DATA TO EXAMINE
=== Begin Enclosure ===

lemma b_D_inf_bisector_case:
  fixes z1 z2 :: complex
  defines "a \<equiv> (cmod z1 ^ 2 - cmod z2 ^ 2) / (2 * cmod (z1 - z2))"
    and "u \<equiv> (z1 - z2) / complex_of_real (cmod (z1 - z2))"
  assumes "cmod z1 \<le> 1" "cmod z2 \<le> 1" "z1 \<noteq> 0" "z2 \<noteq> 0" "z1 \<noteq> z2"
    and "cmod (z1 - sgn z1) < cmod (z2 - sgn z1)" "cmod (z2 - sgn z2) < cmod (z1 - sgn z2)"
  shows "b_D_inf z1 z2 = cmod (z1 - z2) /
    min (cmod (u * Complex a (sqrt (1 - a^2)) - z1)) (cmod (u * Complex a (- sqrt (1 - a^2)) - z1))"
proof -
  define c where "c = cmod (z1 - z2)"
  have "0 < c"
    using assms(7) by (simp add: c_def)
  have diff_eq: "z1 - z2 = u * complex_of_real c"
    using \<open>0 < c\<close> by (simp add: u_def c_def)
  have "cmod u = 1"
    using \<open>0 < c\<close> by (simp add: u_def c_def[symmetric] norm_divide)
  then have "cnj u * u = 1"
    using complex_norm_square[of u] by (simp add: mult.commute)
  define y1 where "y1 = cnj u * z1"
  define y2 where "y2 = cnj u * z2"
  have z_eq: "z1 = u * y1" "z2 = u * y2"
    using \<open>cnj u * u = 1\<close> by (metis y1_def y2_def mult.assoc mult.commute mult_1)+
  have rot: "cmod (u * p - u * q) = cmod (p - q)" "sgn (u * p) = u * sgn p" for p q
    using \<open>cmod u = 1\<close> by (simp_all add: norm_mult sgn_mult sgn_div_norm flip: right_diff_distrib)
  have "y1 - y2 = complex_of_real c"
    using \<open>cnj u * u = 1\<close> by (simp add: y1_def y2_def diff_eq mult.assoc[symmetric]
        flip: right_diff_distrib)
  then have Im_eq: "Im y1 = Im y2" and Re_diff: "Re y1 - Re y2 = c"
    by (simp_all add: complex_eq_iff)
  have norms: "cmod y1 = cmod z1" "cmod y2 = cmod z2"
    using \<open>cmod u = 1\<close> by (simp_all add: z_eq norm_mult)
  have a_eq: "2 * a = Re y1 + Re y2"
  proof -
    have "cmod y1^2 - cmod y2^2 = c * (Re y1 + Re y2)"
      using cmod_diff_square_diff_same_Im[of y1 y2 0] Im_eq Re_diff by simp
    then show ?thesis
      using \<open>0 < c\<close> unfolding a_def c_def[symmetric] norms[symmetric] by (simp add: field_simps)
  qed
  have "\<bar>a\<bar> \<le> 1"
    using abs_Re_le_cmod[of y1] abs_Re_le_cmod[of y2] a_eq norms assms(3,4) by linarith
  then have "a^2 \<le> 1"
    by (simp add: abs_square_le_1)
  define v where "v = Complex a (sqrt (1 - a^2))"
  have "cmod v = 1"
    using \<open>a^2 \<le> 1\<close> by (simp add: v_def cmod_def)
  have "b_D_inf y1 y2 = cmod (y1 - y2) / min (cmod (v - y1)) (cmod (cnj v - y1))"
  proof (rule b_D_inf_bisector_normalised)
    show "cmod (y1 - sgn y1) < cmod (y2 - sgn y1)" "cmod (y2 - sgn y2) < cmod (y1 - sgn y2)"
      using assms(8,9) by (simp_all add: z_eq rot)
  qed (use Im_eq Re_diff \<open>0 < c\<close> assms(5,6) a_eq \<open>cmod v = 1\<close> \<open>a^2 \<le> 1\<close>
      in \<open>auto simp: v_def z_eq\<close>)
  moreover have "cnj v = Complex a (- sqrt (1 - a^2))"
    by (simp add: v_def complex_eq_iff)
  ultimately show ?thesis
    using b_D_inf_mult_unit[OF \<open>cmod u = 1\<close>, of y1 y2]
    by (simp add: z_eq rot flip: v_def)
qed

theorem theorem3p29:
  fixes z1 z2 z' z'' :: complex
  assumes "z1 \<in> ball 0 1" and "z2 \<in> ball 0 1"
    and "z1 \<noteq> 0" and "z2 \<noteq> 0" and "z1 \<noteq> z2"
    and "{z', z''} =
      (\<lambda>s. (z1 - z2) / complex_of_real (cmod (z1 - z2)) *
         (complex_of_real ((cmod z1 ^ 2 - cmod z2 ^ 2) / (2 * cmod (z1 - z2)))
          + s * \<i> * complex_of_real
              (sqrt (1 - ((cmod z1 ^ 2 - cmod z2 ^ 2) / (2 * cmod (z1 - z2))) ^ 2))))
      ` {1, -1}"
  shows "b_D_inf z1 z2 =
    (if cmod z1 \<le> 1 - cmod (z2 - z1 / complex_of_real (cmod z1))
        \<or> cmod z2 \<le> 1 - cmod (z1 - z2 / complex_of_real (cmod z2))
     then cmod (z1 - z2) / (1 - min (cmod z1) (cmod z2))
     else cmod (z1 - z2) / min (cmod (z' - z1)) (cmod (z'' - z1)))"
proof -
  have in_disc: "cmod z1 < 1" "cmod z2 < 1"
    using assms(1,2) by simp_all
  have radial_iff: "cmod z \<le> 1 - cmod (w - z / complex_of_real (cmod z))
      \<longleftrightarrow> cmod (w - sgn z) \<le> cmod (z - sgn z)" if "cmod z < 1" "z \<noteq> 0" for z w :: complex
    using norm_minus_sgn[of z] that by (auto simp flip: sgn_eq)
  define a where "a = (cmod z1 ^ 2 - cmod z2 ^ 2) / (2 * cmod (z1 - z2))"
  define u where "u = (z1 - z2) / complex_of_real (cmod (z1 - z2))"
  show ?thesis
  proof (cases "cmod (z2 - sgn z1) \<le> cmod (z1 - sgn z1) \<or> cmod (z1 - sgn z2) \<le> cmod (z2 - sgn z2)")
    case True
    then have "b_D_inf z1 z2 = cmod (z1 - z2) / (1 - min (cmod z1) (cmod z2))"
      using b_D_inf_radial_case[of z1 z2] b_D_inf_radial_case[of z2 z1] in_disc assms(3,4)
      by (auto simp: b_D_inf_commute norm_minus_commute min.commute)
    then show ?thesis
      using True radial_iff in_disc assms(3,4) by simp
  next
    case False
    have "{z', z''} = {u * Complex a (sqrt (1 - a^2)), u * Complex a (- sqrt (1 - a^2))}"
      using assms(6) by (simp add: a_def u_def Complex_eq)
    then have "min (cmod (z' - z1)) (cmod (z'' - z1)) =
        min (cmod (u * Complex a (sqrt (1 - a^2)) - z1)) (cmod (u * Complex a (- sqrt (1 - a^2)) - z1))"
      by (auto simp: doubleton_eq_iff min.commute)
    then show ?thesis
      using False b_D_inf_bisector_case[of z1 z2] radial_iff in_disc assms(3-5)
      by (simp add: a_def u_def not_le)
  qed
qed

end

=== End Enclosure ===

TASK GOAL
Copy each line of the entries in which the string "True" is found.

RESULT OF THIS TASK
    case True
      using True radial_iff in_disc assms(3,4) by simp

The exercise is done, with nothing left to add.